What you should do
From the line with "(\<forall>f\<in>Arr C. \<forall>g\<in>Arr C. \<forall>h\<in>Arr" to the final line of the records, every line is to be duplicated exactly, both of those lines included.

◆ ◆ ◆ ◆ ◆ ◆ ◆

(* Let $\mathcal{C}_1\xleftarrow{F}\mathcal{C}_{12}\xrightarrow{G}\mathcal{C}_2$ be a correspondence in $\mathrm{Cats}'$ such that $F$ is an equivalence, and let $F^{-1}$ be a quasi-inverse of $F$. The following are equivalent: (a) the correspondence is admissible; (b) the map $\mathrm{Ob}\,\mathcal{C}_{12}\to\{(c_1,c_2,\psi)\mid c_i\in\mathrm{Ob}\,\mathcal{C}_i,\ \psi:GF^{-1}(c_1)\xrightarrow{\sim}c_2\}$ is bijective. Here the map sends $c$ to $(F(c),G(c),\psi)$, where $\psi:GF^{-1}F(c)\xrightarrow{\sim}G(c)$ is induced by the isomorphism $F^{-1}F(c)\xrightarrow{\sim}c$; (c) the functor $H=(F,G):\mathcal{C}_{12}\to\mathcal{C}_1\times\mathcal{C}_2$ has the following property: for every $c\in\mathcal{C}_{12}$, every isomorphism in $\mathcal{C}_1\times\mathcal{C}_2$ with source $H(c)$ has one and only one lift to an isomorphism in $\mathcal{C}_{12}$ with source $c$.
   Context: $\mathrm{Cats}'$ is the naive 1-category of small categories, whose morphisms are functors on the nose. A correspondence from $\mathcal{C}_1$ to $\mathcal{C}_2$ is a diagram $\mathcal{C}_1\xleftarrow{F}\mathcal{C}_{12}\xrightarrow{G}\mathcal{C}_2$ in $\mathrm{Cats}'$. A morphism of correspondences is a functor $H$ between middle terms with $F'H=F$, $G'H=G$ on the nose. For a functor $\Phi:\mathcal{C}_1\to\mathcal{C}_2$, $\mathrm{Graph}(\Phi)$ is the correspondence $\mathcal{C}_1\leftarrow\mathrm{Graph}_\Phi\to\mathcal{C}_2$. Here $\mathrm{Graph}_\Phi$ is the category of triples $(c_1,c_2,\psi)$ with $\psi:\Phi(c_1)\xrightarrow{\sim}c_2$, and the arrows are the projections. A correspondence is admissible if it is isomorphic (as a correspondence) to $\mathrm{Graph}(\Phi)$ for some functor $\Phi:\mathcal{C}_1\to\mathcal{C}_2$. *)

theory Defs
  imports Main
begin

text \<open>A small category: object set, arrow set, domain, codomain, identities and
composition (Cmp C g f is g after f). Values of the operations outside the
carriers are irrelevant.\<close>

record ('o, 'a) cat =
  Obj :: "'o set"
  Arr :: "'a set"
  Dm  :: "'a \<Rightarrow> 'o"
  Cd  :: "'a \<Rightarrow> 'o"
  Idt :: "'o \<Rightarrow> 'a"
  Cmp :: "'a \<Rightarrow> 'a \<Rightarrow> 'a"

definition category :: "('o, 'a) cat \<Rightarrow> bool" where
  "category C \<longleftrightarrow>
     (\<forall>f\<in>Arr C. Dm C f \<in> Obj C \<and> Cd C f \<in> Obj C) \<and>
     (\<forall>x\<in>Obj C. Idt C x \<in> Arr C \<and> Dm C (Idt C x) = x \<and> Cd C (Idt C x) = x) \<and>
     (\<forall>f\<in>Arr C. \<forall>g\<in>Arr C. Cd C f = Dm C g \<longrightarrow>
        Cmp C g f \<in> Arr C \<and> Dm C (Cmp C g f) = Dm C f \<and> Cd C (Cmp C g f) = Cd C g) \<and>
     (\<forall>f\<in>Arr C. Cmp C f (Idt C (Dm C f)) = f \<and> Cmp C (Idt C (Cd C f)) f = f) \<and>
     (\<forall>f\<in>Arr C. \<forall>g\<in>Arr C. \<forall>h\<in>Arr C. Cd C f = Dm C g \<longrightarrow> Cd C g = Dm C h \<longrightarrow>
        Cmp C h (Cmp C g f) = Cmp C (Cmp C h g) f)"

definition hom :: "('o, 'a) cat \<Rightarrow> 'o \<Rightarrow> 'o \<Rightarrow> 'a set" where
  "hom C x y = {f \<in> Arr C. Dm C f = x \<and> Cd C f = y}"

◆ ◆ ◆ ◆ ◆ ◆ ◆

Answer box
     (\<forall>f\<in>Arr C. \<forall>g\<in>Arr C. \<forall>h\<in>Arr C. Cd C f = Dm C g \<longrightarrow> Cd C g = Dm C h \<longrightarrow>
        Cmp C h (Cmp C g f) = Cmp C (Cmp C h g) f)"

definition hom :: "('o, 'a) cat \<Rightarrow> 'o \<Rightarrow> 'o \<Rightarrow> 'a set" where
  "hom C x y = {f \<in> Arr C. Dm C f = x \<and> Cd C f = y}"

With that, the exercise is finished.